* **Aim of the task**: Give again exactly, and only, the lines between the line holding "using pair_top_psi[OF v1 bounds(2)[OF" and the end of the listing, both boundary lines included.

--

text \<open>Swapping rows leaves the label weights alone, the term with \<open>q 1\<close> depends only on
  \<open>x + y + z\<close>, and the other two terms are monotone in \<open>psi\<close> since \<open>q\<close> is increasing.\<close>
lemma pair_value_le_of_psi_le:
  fixes x1 y1 z1 x2 y2 z2 :: nat
  assumes v1: "x1 \<le> N" "y1 < z1" "z1 \<le> N + 1" and v2: "x2 \<le> N" "y2 < z2" "z2 \<le> N + 1"
    and sum_eq: "x1 + y1 + z1 = x2 + y2 + z2"
    and lab: "labelling N g" "labelling N g'" "labelling N h" "labelling N h'"
    and swap: "row_swap N g g' h h'" and q: "q 1 \<le> q 2" "q 2 \<le> q 3"
    and psi1: "psi (int x1) (int y1) (int z1) (int (n1 N g)) (int (n1 N g'))
      \<le> psi (int x2) (int y2) (int z2) (int (n1 N h)) (int (n1 N h'))"
    and psi12: "psi (int x1) (int y1) (int z1) (int (n12 N g)) (int (n12 N g'))
      \<le> psi (int x2) (int y2) (int z2) (int (n12 N h)) (int (n12 N h'))"
  shows "pair_value W q N x1 y1 z1 g g' \<le> pair_value W q N x2 y2 z2 h h'"
proof -
  have bounds: "n1 N f \<le> N" "n12 N f \<le> N" if "labelling N f" for f
    using that n1_le n12_le by auto
  have top0: "pair_top N x1 y1 z1 0 0 = pair_top N x2 y2 z2 0 0"
    using pair_top_zero_zero[OF v1] pair_top_zero_zero[OF v2] sum_eq by simp
  have top1: "pair_top N x1 y1 z1 (n1 N g) (n1 N g') \<le> pair_top N x2 y2 z2 (n1 N h) (n1 N h')"
    using pair_top_psi[OF v1 bounds(1)[OF lab(1)] bounds(1)[OF lab(2)]]
      pair_top_psi[OF v2 bounds(1)[OF lab(3)] bounds(1)[OF lab(4)]] psi1 by linarith
  have top12: "pair_top N x1 y1 z1 (n12 N g) (n12 N g') \<le> pair_top N x2 y2 z2 (n12 N h) (n12 N h')"
    using pair_top_psi[OF v1 bounds(2)[OF lab(1)] bounds(2)[OF lab(2)]]
      pair_top_psi[OF v2 bounds(2)[OF lab(3)] bounds(2)[OF lab(4)]] psi12 by linarith
  have "(q 2 - q 1) * pair_top N x1 y1 z1 (n1 N g) (n1 N g') \<le> (q 2 - q 1) * pair_top N x2 y2 z2 (n1 N h) (n1 N h')"
    "(q 3 - q 2) * pair_top N x1 y1 z1 (n12 N g) (n12 N g') \<le> (q 3 - q 2) * pair_top N x2 y2 z2 (n12 N h) (n12 N h')"
    using top1 top12 q by (simp_all add: mult_left_mono)
  then show ?thesis
    unfolding pair_value_def add.assoc[of "label_weight W N _"] rearr_value_pair top0
    using row_swap_label_weight[OF swap, of W] by linarith
qed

--

* **Solved exercise**:
    using pair_top_psi[OF v1 bounds(2)[OF lab(1)] bounds(2)[OF lab(2)]]
      pair_top_psi[OF v2 bounds(2)[OF lab(3)] bounds(2)[OF lab(4)]] psi12 by linarith
  have "(q 2 - q 1) * pair_top N x1 y1 z1 (n1 N g) (n1 N g') \<le> (q 2 - q 1) * pair_top N x2 y2 z2 (n1 N h) (n1 N h')"
    "(q 3 - q 2) * pair_top N x1 y1 z1 (n12 N g) (n12 N g') \<le> (q 3 - q 2) * pair_top N x2 y2 z2 (n12 N h) (n12 N h')"
    using top1 top12 q by (simp_all add: mult_left_mono)
  then show ?thesis
    unfolding pair_value_def add.assoc[of "label_weight W N _"] rearr_value_pair top0
    using row_swap_label_weight[OF swap, of W] by linarith
qed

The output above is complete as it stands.